# Required work
From the entries below, retype only the lines from the one with "m) (x + sum" through the one with "sum v R = (x", exactly as written.

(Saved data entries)
----

(* Let $H$ be the group defined below (with sets $A_\alpha=\{n\in\omega:\eta_\alpha(n)=1\}$), let $0\to T\to G\xrightarrow{\varphi}H\to 0$ be a balanced exact sequence with $T$ a torsion group (viewed as a subgroup of $G$), and fix elements $g_\alpha\in G$ with $\varphi(g_\alpha)=y_\alpha$ ($\alpha<\kappa$) and $\tilde x_n\in G$ with $\varphi(\tilde x_n)=x_n$ ($n\in\omega$). For $\alpha<\kappa$ and $t\in T$ let $R_{\alpha,t}=\{n\in A_\alpha : g_\alpha-t-\tilde x_n \text{ is not divisible by } p_n \text{ in } G\}$. Let $\alpha<\kappa$ and $t\in T$ be such that $R_{\alpha,t}$ is finite. Then there exists $t_\alpha\in T$ such that $R_{\alpha,t_\alpha}=\emptyset$.
   Context: All groups are abelian. A pure subgroup $A$ of a torsion-free group $G$ is balanced if every coset $g+A$ contains an element $g+a$ ($a\in A$) whose characteristic is $\geq$ that of $g+x$ for all $x\in A$; an exact sequence $0\to A\to G\to C\to0$ is balanced exact if the image of $A$ is balanced in $G$. Setting: $\kappa$ is an uncountable cardinal, $\eta_\alpha:\omega\to 2$ ($\alpha<\kappa$) are the Cohen reals added by the forcing of finite partial functions $\kappa\times\omega\to 2$ (the lemma is considered in the generic extension). Fix primes $p_0<p_1<\cdots$; let $W=\bigoplus_{n\in\omega}\mathbb{Q}x_n\oplus\bigoplus_{\alpha<\kappa}\mathbb{Q}y_\alpha$ on independent elements, $F=\bigoplus_n\mathbb{Z}x_n\oplus\bigoplus_{\alpha<\kappa}\mathbb{Z}y_\alpha$, and $H$ the subgroup of $W$ generated by $F$ and all $p_n^{-1}(y_\alpha-x_n)$ with $\eta_\alpha(n)=1$. *)

theory Defs
  imports Main "HOL-Library.Extended_Nat" "HOL-Library.Countable_Set"
    "HOL-Computational_Algebra.Primes" "HOL-Library.Function_Algebras"
begin

fun nsmul :: "nat \<Rightarrow> 'a::monoid_add \<Rightarrow> 'a" where
  "nsmul 0 g = 0"
| "nsmul (Suc n) g = g + nsmul n g"

text \<open>g is divisible by m in the ambient group (the whole type).\<close>
definition divisible_by :: "nat \<Rightarrow> 'a::monoid_add \<Rightarrow> bool" where
  "divisible_by m g \<longleftrightarrow> (\<exists>h. g = nsmul m h)"

definition p_height :: "nat \<Rightarrow> 'a::monoid_add \<Rightarrow> enat" where
  "p_height p g = Sup (enat ` {k. divisible_by (p ^ k) g})"

definition char_le :: "'a::monoid_add \<Rightarrow> 'a \<Rightarrow> bool" where
  "char_le g h \<longleftrightarrow> (\<forall>p::nat. prime p \<longrightarrow> p_height p g \<le> p_height p h)"

definition is_subgroup :: "'a::ab_group_add set \<Rightarrow> bool" where
  "is_subgroup A \<longleftrightarrow> 0 \<in> A \<and> (\<forall>a\<in>A. \<forall>b\<in>A. a - b \<in> A)"

definition pure_subgroup :: "'a::ab_group_add set \<Rightarrow> bool" where
  "pure_subgroup A \<longleftrightarrow> is_subgroup A \<and>
     (\<forall>n a. a \<in> A \<longrightarrow> divisible_by n a \<longrightarrow> (\<exists>b\<in>A. a = nsmul n b))"

definition balanced :: "'a::ab_group_add set \<Rightarrow> bool" where
  "balanced A \<longleftrightarrow> pure_subgroup A \<and>
     (\<forall>g. \<exists>a\<in>A. \<forall>x\<in>A. char_le (g + x) (g + a))"

definition torsion_set :: "'a::ab_group_add set \<Rightarrow> bool" where
  "torsion_set A \<longleftrightarrow> (\<forall>a\<in>A. \<exists>n>0. nsmul n a = 0)"

text \<open>The Q-vector space W with basis x_n (index Inl n) and y_alpha (index Inr alpha);
  elements are functions to rat (H consists of finitely supported ones).\<close>
definition xW :: "nat \<Rightarrow> (nat + 'k \<Rightarrow> rat)" where
  "xW n = (\<lambda>i. if i = Inl n then 1 else 0)"

definition yW :: "'k \<Rightarrow> (nat + 'k \<Rightarrow> rat)" where
  "yW a = (\<lambda>i. if i = Inr a then 1 else 0)"

inductive_set gen_subgroup :: "'a::ab_group_add set \<Rightarrow> 'a set" for S where
  gen_zero: "0 \<in> gen_subgroup S"
| gen_base: "s \<in> S \<Longrightarrow> s \<in> gen_subgroup S"
| gen_diff: "a \<in> gen_subgroup S \<Longrightarrow> b \<in> gen_subgroup S \<Longrightarrow> a - b \<in> gen_subgroup S"

definition Hgrp :: "(nat \<Rightarrow> nat) \<Rightarrow> ('k \<Rightarrow> nat \<Rightarrow> bool) \<Rightarrow> (nat + 'k \<Rightarrow> rat) set" where
  "Hgrp p \<eta> = gen_subgroup (range xW \<union> range yW \<union>
     {(\<lambda>i. (1 / of_nat (p n)) * (yW a i - xW n i)) | a n. \<eta> a n})"

definition R_set :: "(nat \<Rightarrow> nat) \<Rightarrow> ('k \<Rightarrow> nat \<Rightarrow> bool) \<Rightarrow> ('k \<Rightarrow> 'g::ab_group_add)
    \<Rightarrow> (nat \<Rightarrow> 'g) \<Rightarrow> 'k \<Rightarrow> 'g \<Rightarrow> nat set" where
  "R_set p \<eta> g xt a t = {n. \<eta> a n \<and> \<not> divisible_by (p n) (g a - t - xt n)}"

end

theory Submission
  imports Defs "HOL-Number_Theory.Cong"
begin

(* For n in A_alpha the element y_alpha - x_n is divisible by p_n in H, so lifting
   p_n^-1 (y_alpha - x_n) to G shows that g_alpha - t - x~_n becomes p_n-divisible after
   adding some element of T = ker phi.  Since T is torsion, this correction may be replaced
   by its p_n-primary component, which is divisible by every other prime.  Subtracting from
   t the primary corrections of the finitely many n in R_alpha,t repairs each of them
   without spoiling any other index, because the primes p_n are distinct. *)

lemma nsmul_add_left: "nsmul (m + n) g = nsmul m g + nsmul n (g::'a::ab_group_add)"
  by (induction m) (auto simp: add.assoc)

lemma nsmul_mult: "nsmul (m * n) g = nsmul m (nsmul n (g::'a::ab_group_add))"
  by (induction m) (auto simp: nsmul_add_left)

lemma nsmul_zero_right [simp]: "nsmul n (0::'a::monoid_add) = 0"
  by (induction n) auto

lemma nsmul_add_right: "nsmul n (g + h) = nsmul n g + nsmul n (h::'a::ab_group_add)"
  by (induction n) (auto simp: algebra_simps)

lemma nsmul_minus: "nsmul n (- g) = - nsmul n (g::'a::ab_group_add)"
  by (induction n) (auto simp: algebra_simps)

lemma nsmul_diff: "nsmul n (g - h) = nsmul n g - nsmul n (h::'a::ab_group_add)"
  using nsmul_add_right[of n g "- h"] by (simp add: nsmul_minus)

lemma nsmul_mod:
  fixes v :: "'a::ab_group_add"
  assumes "nsmul m v = 0"
  shows "nsmul k v = nsmul (k mod m) v"
proof -
  have "nsmul k v = nsmul (m * (k div m)) v + nsmul (k mod m) v"
    by (metis div_mult_mod_eq mult.commute nsmul_add_left)
  also have "nsmul (m * (k div m)) v = 0"
    by (simp add: mult.commute[of m] nsmul_mult assms)
  finally show ?thesis by simp
qed

lemma nsmul_fun_apply: "nsmul n F i = of_nat n * (F i :: 'b::semiring_1)"
  by (induction n) (auto simp: algebra_simps)

lemma (in additive) nsmul: "f (nsmul n x) = nsmul n (f x)"
  by (induction n) (auto simp: zero add)

lemma divisible_by_add:
  "divisible_by m a \<Longrightarrow> divisible_by m b \<Longrightarrow> divisible_by m (a + (b::'a::ab_group_add))"
  unfolding divisible_by_def by (metis nsmul_add_right)

lemma divisible_by_diff:
  "divisible_by m a \<Longrightarrow> divisible_by m b \<Longrightarrow> divisible_by m (a - (b::'a::ab_group_add))"
  unfolding divisible_by_def by (metis nsmul_diff)

lemma divisible_by_zero: "divisible_by m (0::'a::monoid_add)"
  unfolding divisible_by_def by (metis nsmul_zero_right)

lemma divisible_by_nsmul: "divisible_by m (nsmul m g)"
  unfolding divisible_by_def by blast

lemma divisible_by_sum:
  "(\<And>n. n \<in> S \<Longrightarrow> divisible_by m (f n)) \<Longrightarrow> divisible_by m (sum f S :: 'a::ab_group_add)"
  by (induction S rule: infinite_finite_induct) (auto intro: divisible_by_add divisible_by_zero)

lemma divisible_by_if_order_coprime:
  fixes v :: "'a::ab_group_add"
  assumes "nsmul m v = 0" "coprime q m"
  shows "divisible_by q v"
proof -
  obtain c where c: "[q * c = 1] (mod m)"
    using cong_solve_coprime_nat[OF assms(2)] by auto
  have "nsmul (q * c) v = nsmul (1 mod m) v"
    using nsmul_mod[OF assms(1)] c unfolding cong_def by metis
  also have "\<dots> = v"
    using nsmul_mod[OF assms(1), of 1] by (cases "m = 1") (auto simp: assms(1))
  finally have "v = nsmul q (nsmul c v)" by (simp add: nsmul_mult)
  then show ?thesis unfolding divisible_by_def by blast
qed

definition divisible_by_primes_except :: "nat \<Rightarrow> 'a::monoid_add \<Rightarrow> bool" where
  "divisible_by_primes_except q v \<longleftrightarrow> (\<forall>r. prime r \<longrightarrow> r \<noteq> q \<longrightarrow> divisible_by r v)"

(* nsmul k s is the q-primary component of s: with m = q^a r and q not dividing r,
   take k = r f where r f = 1 (mod q). *)
lemma torsion_primary_multiple:
  fixes s :: "'a::ab_group_add"
  assumes "nsmul m s = 0" "m > 0" "prime q"
  shows "\<exists>k. divisible_by q (s - nsmul k s) \<and> divisible_by_primes_except q (nsmul k s)"
proof -
  obtain a r where m: "m = q ^ a * r" and "\<not> q dvd r"
    using multiplicity_decompose'[of m q] assms(2,3) not_prime_unit by blast
  then have "coprime r q"
    using assms(3) by (metis coprime_commute prime_imp_coprime)
  then obtain f where "[r * f = 1] (mod q)"
    using cong_solve_coprime_nat by auto
  then have "r * f mod q = 1"
    using prime_gt_1_nat[OF assms(3)] unfolding cong_def by simp
  then have rf: "r * f = q * (r * f div q) + 1"
    by (metis div_mult_mod_eq mult.commute)
  have "s - nsmul (r * f) s = nsmul q (- nsmul (r * f div q) s)"
    by (subst rf) (simp add: nsmul_add_left nsmul_mult nsmul_minus)
  then have q_part: "divisible_by q (s - nsmul (r * f) s)"
    unfolding divisible_by_def by blast
  have "nsmul (q ^ a) (nsmul (r * f) s) = nsmul f (nsmul m s)"
    by (metis m mult.assoc mult.commute nsmul_mult)
  then have killed: "nsmul (q ^ a) (nsmul (r * f) s) = 0"
    using assms(1) by simp
  have "divisible_by r' (nsmul (r * f) s)" if "prime r'" "r' \<noteq> q" for r'
    using that assms(3) by (intro divisible_by_if_order_coprime[OF killed]) (simp add: primes_coprime)
  with q_part show ?thesis unfolding divisible_by_primes_except_def by blast
qed

lemma is_subgroup_add:
  assumes "is_subgroup T" "a \<in> T" "b \<in> T"
  shows "a + b \<in> T"
proof -
  have "0 - b \<in> T" using assms unfolding is_subgroup_def by blast
  then have "a - (0 - b) \<in> T" using assms unfolding is_subgroup_def by blast
  then show ?thesis by simp
qed

lemma is_subgroup_nsmul: "is_subgroup T \<Longrightarrow> a \<in> T \<Longrightarrow> nsmul n a \<in> T"
  by (induction n) (auto intro: is_subgroup_add simp: is_subgroup_def)

lemma is_subgroup_sum: "is_subgroup T \<Longrightarrow> (\<And>n. n \<in> S \<Longrightarrow> f n \<in> T) \<Longrightarrow> sum f S \<in> T"
  by (induction S rule: infinite_finite_induct) (auto intro: is_subgroup_add simp: is_subgroup_def)

lemma primary_correction_in_kernel:
  assumes "additive \<phi>" "{a. \<phi> a = 0} = T" "is_subgroup T" "torsion_set T" "prime q"
    and "\<phi> d = nsmul q (\<phi> k)"
  shows "\<exists>v\<in>T. divisible_by q (d + v) \<and> divisible_by_primes_except q v"
proof -
  define s where "s = nsmul q k - d"
  have "s \<in> T"
    using assms(1,2,6) by (auto simp: s_def additive.diff additive.nsmul)
  then obtain m where "m > 0" "nsmul m s = 0"
    using assms(4) unfolding torsion_set_def by blast
  then obtain j where j: "divisible_by q (s - nsmul j s)"
      "divisible_by_primes_except q (nsmul j s)"
    using torsion_primary_multiple assms(5) by blast
  have "d + nsmul j s = nsmul q k - (s - nsmul j s)"
    by (simp add: s_def)
  then have "divisible_by q (d + nsmul j s)"
    using divisible_by_diff[OF divisible_by_nsmul[of q k] j(1)] by metis
  then show ?thesis using j(2) is_subgroup_nsmul[OF assms(3) \<open>s \<in> T\<close>] by blast
qed

lemma divisible_by_add_sum_corrections:
  fixes v :: "'i \<Rightarrow> 'a::ab_group_add"
  assumes "inj p" "prime (p m)"
    and "\<And>n. n \<in> R \<Longrightarrow> divisible_by_primes_except (p n) (v n)"
    and "m \<in> R \<Longrightarrow> divisible_by (p m) (x + v m)" "m \<notin> R \<Longrightarrow> divisible_by (p m) x"
    and "finite R"
  shows "divisible_by (p m) (x + sum v R)"
proof -
  have others: "divisible_by (p m) (sum v (R - {m}))"
    using assms(1-3) unfolding divisible_by_primes_except_def
    by (intro divisible_by_sum) (auto dest: injD)
  show ?thesis
  proof (cases "m \<in> R")
    case True
    then have "x + sum v R = (x + v m) + sum v (R - {m})"
      using assms(6) by (simp add: sum.remove add.assoc)
    then show ?thesis using divisible_by_add assms(4) True others by metis
  next
    case False
    then show ?thesis using divisible_by_add assms(5) others by simp
  qed
qed

lemma Hgrp_y_minus_x_divisible:
  assumes "\<eta> a n" "p n \<noteq> 0"
  shows "\<exists>w\<in>Hgrp p \<eta>. yW a - xW n = nsmul (p n) w"
proof
  let ?w = "\<lambda>i. (1 / of_nat (p n)) * (yW a i - xW n i :: rat)"
  show "?w \<in> Hgrp p \<eta>"
    unfolding Hgrp_def by (rule gen_base) (use assms(1) in blast)
  show "yW a - xW n = nsmul (p n) ?w"
    using assms(2) by (simp add: fun_eq_iff nsmul_fun_apply)
qed

theorem lemma4p5:
  fixes p :: "nat \<Rightarrow> nat" and \<eta> :: "'k \<Rightarrow> nat \<Rightarrow> bool"
    and T :: "'g::ab_group_add set" and \<phi> :: "'g \<Rightarrow> (nat + 'k \<Rightarrow> rat)"
    and g :: "'k \<Rightarrow> 'g" and xt :: "nat \<Rightarrow> 'g" and \<alpha> :: 'k and t :: 'g
  assumes "uncountable (UNIV :: 'k set)"
    and "strict_mono p" and "\<forall>n. prime (p n)"
    and "is_subgroup T" and "torsion_set T"
    and "\<forall>a b. \<phi> (a + b) = \<phi> a + \<phi> b"
    and "range \<phi> = Hgrp p \<eta>"
    and "{a. \<phi> a = 0} = T"
    and "balanced T"
    and "\<forall>\<beta>. \<phi> (g \<beta>) = yW \<beta>"
    and "\<forall>n. \<phi> (xt n) = xW n"
    and "t \<in> T"
    and "finite (R_set p \<eta> g xt \<alpha> t)"
  shows "\<exists>t'\<in>T. R_set p \<eta> g xt \<alpha> t' = {}"
proof -
  have \<phi>: "additive \<phi>" using assms(6) by (simp add: additive_def)
  define d where "d n = g \<alpha> - t - xt n" for n
  have d_image: "\<phi> (d n) = yW \<alpha> - xW n" for n
    using assms(8,10-12) by (auto simp: d_def additive.diff[OF \<phi>])
  have "\<exists>v\<in>T. divisible_by (p n) (d n + v) \<and> divisible_by_primes_except (p n) v"
    if n: "\<eta> \<alpha> n" for n
  proof -
    obtain w where "w \<in> range \<phi>" "yW \<alpha> - xW n = nsmul (p n) w"
      using Hgrp_y_minus_x_divisible[of \<eta> \<alpha> n p] n assms(3,7) not_prime_0 by metis
    then show ?thesis
      using primary_correction_in_kernel[OF \<phi> assms(8,4,5)] assms(3) d_image by auto
  qed
  then obtain v where v: "\<And>n. \<eta> \<alpha> n \<Longrightarrow>
      v n \<in> T \<and> divisible_by (p n) (d n + v n) \<and> divisible_by_primes_except (p n) (v n)"
    by metis
  define R where "R = R_set p \<eta> g xt \<alpha> t"
  have R_sub: "\<eta> \<alpha> n" if "n \<in> R" for n using that unfolding R_def R_set_def by simp
  have "t - sum v R \<in> T"
    using assms(4,12) is_subgroup_sum[OF assms(4), of R v] v R_sub
    unfolding is_subgroup_def by blast
  moreover have "divisible_by (p m) (d m + sum v R)" if "\<eta> \<alpha> m" for m
  proof (rule divisible_by_add_sum_corrections[where p = p and m = m])
    show "inj p" using assms(2) by (rule strict_mono_imp_inj_on)
    show "finite R" using assms(13) by (simp add: R_def)
    show "m \<notin> R \<Longrightarrow> divisible_by (p m) (d m)"
      using that unfolding R_def R_set_def d_def by simp
  qed (use v R_sub that assms(3) in auto)
  ultimately show ?thesis
    unfolding R_set_def d_def by (intro bexI[of _ "t - sum v R"]) (auto simp: algebra_simps)
qed

end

----

# Expected answer
  shows "divisible_by (p m) (x + sum v R)"
proof -
  have others: "divisible_by (p m) (sum v (R - {m}))"
    using assms(1-3) unfolding divisible_by_primes_except_def
    by (intro divisible_by_sum) (auto dest: injD)
  show ?thesis
  proof (cases "m \<in> R")
    case True
    then have "x + sum v R = (x + v m) + sum v (R - {m})"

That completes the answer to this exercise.